OLD TESTAMENT CHARACTERS and INDUCTIVE REASONING

Anonymous

(Investigator 117, 2007 November)

 

PREVIOUSLY

I estimated the Old Testament includes the names of about 2,889 people. (# 50; 61) I listed 62 confirmed or tentatively confirmed by archaeology and predicted more will be found.
 

TWO MORE

Recently I noticed two more.

25km south-west of Aman (Jordan), in an area called Iraq el Amir meaning Cave of the Prince, is evidence for Tobiah. Tobiah was the Ammonite official who, in the 5th century BC, opposed the return of the Jews to Israel. (Nehemiah 2:10)

In the early 1990s a team from Jordan's Department of Antiquities and the French Institute of Archaeology surveyed the remains of some 2nd century BC buildings. Nearby are cliffs with eleven caves on two levels. At the entrance of one cave is an inscription of the name Tobiah in Aramaic. The name appears again in the adjacent cave.

The inscription is dated to the Persian period 541-331 BC and therefore could refer to the Ammonite official of the Bible. (Archaeological Diggings Volume 1, June/July 1994, p. 29)

Another discovery may be "Sarsechim", an official of King Nebuchadnezzar of Babylon. (Jeremiah 39:3)

The British Museum has a collection of 130,000 Assyrian cuneiform tablets. On the Internet, Nigel Reynolds reports that one tablet appears to be: "a receipt for payment made by a figure in the Old Testament":
 
 

Tiny tablet provides proof for Old Testament…

Michael Jursa, a visiting professor from Vienna … made … a discovery that supports the view that the historical books of the Old Testament are based on fact.

…Prof Jursa suddenly came across a name … Nabu-sharrussu-ukin, described there … as "the chief eunuch" of Nebuchadnezzar II, king of Babylon.

Prof Jursa, an Assyriologist, checked the Old Testament and there in chapter 39 of the Book of Jeremiah, he found, spelled differently, the same name Nebo-Sarsekim.
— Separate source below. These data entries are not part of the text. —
lemma point_mass_preimage_invariant:
  assumes "solves_config_eqs \<phi> gs Es X f" and "k < length gs"
    and refines: "\<And>i. i < length Es \<Longrightarrow> Es ! i \<subseteq> A \<or> Es ! i \<inter> A = {}"
    and p: "\<And>C. C \<in> Con \<phi> gs Es X \<Longrightarrow> p C \<in> config_cell \<phi> gs Es X C"
  shows "sum f {C\<in>Con \<phi> gs Es X. \<phi> (gs ! k) (p C) \<in> A} = sum f {C\<in>Con \<phi> gs Es X. p C \<in> A}"
proof -
  define I where "I = {i. i < length Es \<and> Es ! i \<subseteq> A}"
  have block: "y \<in> A \<longleftrightarrow> i \<in> I" if "i < length Es" and "y \<in> Es ! i" for y i
    using refines[OF that(1)] that unfolding I_def by blast
  have C_lt: "C ! l < length Es" if "C \<in> Con \<phi> gs Es X" and "l \<le> length gs" for C l
    using that by (auto simp: Con_def)
  have moved: "\<phi> (gs ! k) (p C) \<in> A \<longleftrightarrow> C ! Suc k \<in> I" if "C \<in> Con \<phi> gs Es X" for C
  proof -
    have "\<phi> (gs ! k) (p C) \<in> Es ! (C ! Suc k)"
      using p[OF that] assms(2) by (simp add: config_cell_def)
    then show ?thesis
      using block C_lt[OF that, of "Suc k"] assms(2) by simp
  qed
  have base: "p C \<in> A \<longleftrightarrow> C ! 0 \<in> I" if "C \<in> Con \<phi> gs Es X" for C
  proof -
    have "p C \<in> Es ! (C ! 0)"
      using p[OF that] by (simp add: config_cell_def)
    then show ?thesis
      using block C_lt[OF that, of 0] by simp
  qed
  have "{C\<in>Con \<phi> gs Es X. \<phi> (gs ! k) (p C) \<in> A} = {C\<in>Con \<phi> gs Es X. C ! Suc k \<in> I}"
    using moved by blast
  moreover have "{C\<in>Con \<phi> gs Es X. p C \<in> A} = {C\<in>Con \<phi> gs Es X. C ! 0 \<in> I}"
    using base by blast
  ultimately show ?thesis
    using solves_config_eqs_sum_blocks[OF assms(1), of "Suc k" I] assms(2) by (auto simp: I_def)
qed

lemma normalized_solutions_imp_invariant_content:
  fixes X :: "'x set"
  assumes "group_action G X \<phi>"
    and solvable: "\<forall>gs Es. configuration_pair G X gs Es \<longrightarrow> has_normalized_solution \<phi> gs Es X"
    and "finite P" and P: "P \<subseteq> Pow X \<times> carrier G"
  shows "\<exists>\<mu>. probability_content X \<mu> \<and> (\<forall>(A, g)\<in>P. \<mu> (\<phi> g ` A) = \<mu> A)"
proof -
  interpret group_action G X \<phi> by fact
  interpret group G
    using group_hom group_hom.axioms(1) by blast
  obtain ps where ps: "set ps = P"
    using finite_list[OF \<open>finite P\<close>] by blast
  obtain Es where part: "indexed_partition X Es"
    and refines: "\<forall>i<length Es. \<forall>A\<in>fst ` P. Es ! i \<subseteq> A \<or> Es ! i \<inter> A = {}"
    using indexed_partition_refining[of "fst ` P" X] \<open>finite P\<close> by blast
  \<comment> \<open>The equations for inv g compare the mass of A with that of its preimage under inv g,
    which is the image of A under g.\<close>
  define gs where "gs = map (\<lambda>(A, g). inv\<^bsub>G\<^esub> g) ps"
  have "configuration_pair G X gs Es"
    using P ps part by (auto simp: configuration_pair_def gs_def)
  with solvable obtain f where f: "solves_config_eqs \<phi> gs Es X f"
    "\<And>C. C \<in> Con \<phi> gs Es X \<Longrightarrow> 0 \<le> f C" "sum f (Con \<phi> gs Es X) = 1"
    unfolding has_normalized_solution_def by blast
  define p where "p C = (SOME x. x \<in> config_cell \<phi> gs Es X C)" for C
  have p: "p C \<in> config_cell \<phi> gs Es X C" if "C \<in> Con \<phi> gs Es X" for C
    using that unfolding p_def Con_eq by (simp add: some_in_eq)
  define \<mu> where "\<mu> B = sum f {C\<in>Con \<phi> gs Es X. p C \<in> B}" for B
  have "probability_content X \<mu>"
    unfolding \<mu>_def using f p
    by (intro probability_content_point_masses[OF finite_Con]) (auto simp: config_cell_def)
  moreover have "\<mu> (\<phi> g ` A) = \<mu> A" if Ag: "(A, g) \<in> P" for A g
  proof -
    obtain k where k: "k < length ps" "ps ! k = (A, g)"
      using Ag ps by (auto simp: in_set_conv_nth)
    have A: "A \<subseteq> X" and g: "g \<in> carrier G"
      using Ag P by auto
    have gs_k: "gs ! k = inv\<^bsub>G\<^esub> g" "k < length gs"
      using k by (simp_all add: gs_def)
    have "x \<in> \<phi> g ` A \<longleftrightarrow> \<phi> (gs ! k) x \<in> A" if "x \<in> X" for x
      using vimage_eq_image_inv[of "inv\<^bsub>G\<^esub> g" A] g A that gs_k by auto
    then have "{C\<in>Con \<phi> gs Es X. p C \<in> \<phi> g ` A} = {C\<in>Con \<phi> gs Es X. \<phi> (gs ! k) (p C) \<in> A}"
      using p by (auto simp: config_cell_def)
    moreover have "\<And>i. i < length Es \<Longrightarrow> Es ! i \<subseteq> A \<or> Es ! i \<inter> A = {}"
      using refines Ag by force
    ultimately show ?thesis
      unfolding \<mu>_def using point_mass_preimage_invariant[OF f(1) gs_k(2) _ p] by simp
  qed
  ultimately show ?thesis by blast
qed

lemma normalized_solutions_imp_amenable_action:
  fixes X :: "'x set"
  assumes "group_action G X \<phi>"
    and "\<forall>gs Es. configuration_pair G X gs Es \<longrightarrow> has_normalized_solution \<phi> gs Es X"
  shows "amenable_action G X \<phi>"
proof -
  define eq where "eq = (\<lambda>(A, g). (\<phi> g ` A, A))"
  have "\<exists>\<mu>. probability_content X \<mu> \<and> (\<forall>(A, B)\<in>eq ` (Pow X \<times> carrier G). \<mu> A = \<mu> B)"
  proof (rule probability_content_equations_compactness)
    fix Q' assume "finite Q'" and "Q' \<subseteq> eq ` (Pow X \<times> carrier G)"
    then obtain P where P: "P \<subseteq> Pow X \<times> carrier G" "finite P" and Q': "Q' = eq ` P"
      using finite_subset_image by metis
    obtain \<mu> where "probability_content X \<mu>" and "\<forall>(A, g)\<in>P. \<mu> (\<phi> g ` A) = \<mu> A"
      using normalized_solutions_imp_invariant_content[OF assms P(2,1)] by blast
    then show "\<exists>\<mu>. probability_content X \<mu> \<and> (\<forall>(A, B)\<in>Q'. \<mu> A = \<mu> B)"
      unfolding Q' eq_def by auto
  qed
  then obtain \<mu> where \<mu>: "probability_content X \<mu>"
    and eqs: "\<forall>(A, B)\<in>eq ` (Pow X \<times> carrier G). \<mu> A = \<mu> B"
    by blast
  have invariant: "\<mu> (\<phi> g ` A) = \<mu> A" if "A \<subseteq> X" and "g \<in> carrier G" for A g
  proof -
    have "(\<phi> g ` A, A) \<in> eq ` (Pow X \<times> carrier G)"
      unfolding eq_def using that by (intro image_eqI[where x = "(A, g)"]) auto
    then show ?thesis
      using eqs by blast
  qed
  have add: "\<mu> (A \<union> B) = \<mu> A + \<mu> B" if "A \<subseteq> X" and "B \<subseteq> X" and "A \<inter> B = {}" for A B
    using \<mu> that by (simp add: probability_content_def)
  have nonneg: "0 \<le> \<mu> A" for A
    using \<mu> by (simp add: probability_content_def)
  show ?thesis
    unfolding amenable_action_def
  proof (intro exI[of _ "\<lambda>A. ennreal (\<mu> A)"] conjI allI impI)
    show "ennreal (\<mu> {}) = 0"
      using add[of "{}" "{}"] by simp
    show "ennreal (\<mu> X) = 1"
      using \<mu> by (simp add: probability_content_def)
    fix A B assume "A \<subseteq> X" and "B \<subseteq> X" and "A \<inter> B = {}"
    then show "ennreal (\<mu> (A \<union> B)) = ennreal (\<mu> A) + ennreal (\<mu> B)"
      using add nonneg by (simp add: ennreal_plus)
  next
    fix A g assume "A \<subseteq> X" and "g \<in> carrier G"
    then show "ennreal (\<mu> (\<phi> g ` A)) = ennreal (\<mu> A)"
      using invariant by simp
  qed
qed

theorem mainTheorem1:
  fixes G :: "('g, 'b) monoid_scheme" and X :: "'x set" and \<phi> :: "'g \<Rightarrow> 'x \<Rightarrow> 'x"
  assumes "group_action G X \<phi>"
    and "finitely_generated_group G"
  shows "amenable_action G X \<phi> \<longleftrightarrow>
         (\<forall>gs Es. configuration_pair G X gs Es \<longrightarrow> has_normalized_solution \<phi> gs Es X)"
  using amenable_action_imp_normalized_solution[OF assms(1)]
    normalized_solutions_imp_amenable_action[OF assms(1)] by blast

end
Nebo-Sarsekim, according to Jeremiah, was Nebuchadnezzar II's "chief officer" and was with him at the siege of Jerusalem in 587 BC...

The small tablet, the size of "a packet of 10 cigarettes" according to Irving Finkel, a British Museum expert, is a bill of receipt acknowledging Nabu-sharrussu-ukin's payment of 0.75 kg of gold to a temple in Babylon.

The tablet is dated to the 10th year of the reign of Nebuchadnezzar II, 595BC, 12 years before the siege of Jerusalem… (13 July, 2007
 


 
 

In the King James translation Jeremiah 39:3 reads:

And all the princes of the king of Babylon came in, and sat in the middle gate, even Nergal-sharezer, Samgar-nebo, Sarsechim, Rab-saris, Nergal-sharezer, Rab-mag, with all the residue of the king of Babylon.


Many Bibles have "nebo" attached to the wrong name. It should not read "Samgar-nebo, Sarsechim…" but rather "Samgar, Nebo-sarsechim…" Some translators have made the correction including the NIV and RSV.

Hebrew writing did not use vowels. Therefore Nebo is the same as Nebu and Nabu. It was the name of a Babylonian god and prefixed the name of various humans such as Nebu-chadnezzar and Nebu-zaradan. (2 Kings 25:8-11)

This still leaves the biblical "sarsechim" different to "sharrussu-ukin" on the cuneiform tablet

This need not be seen as an error, but rather the conversion of the Babylonish name into Hebrew – comparable to Petrus in one language becoming "Peter" in another.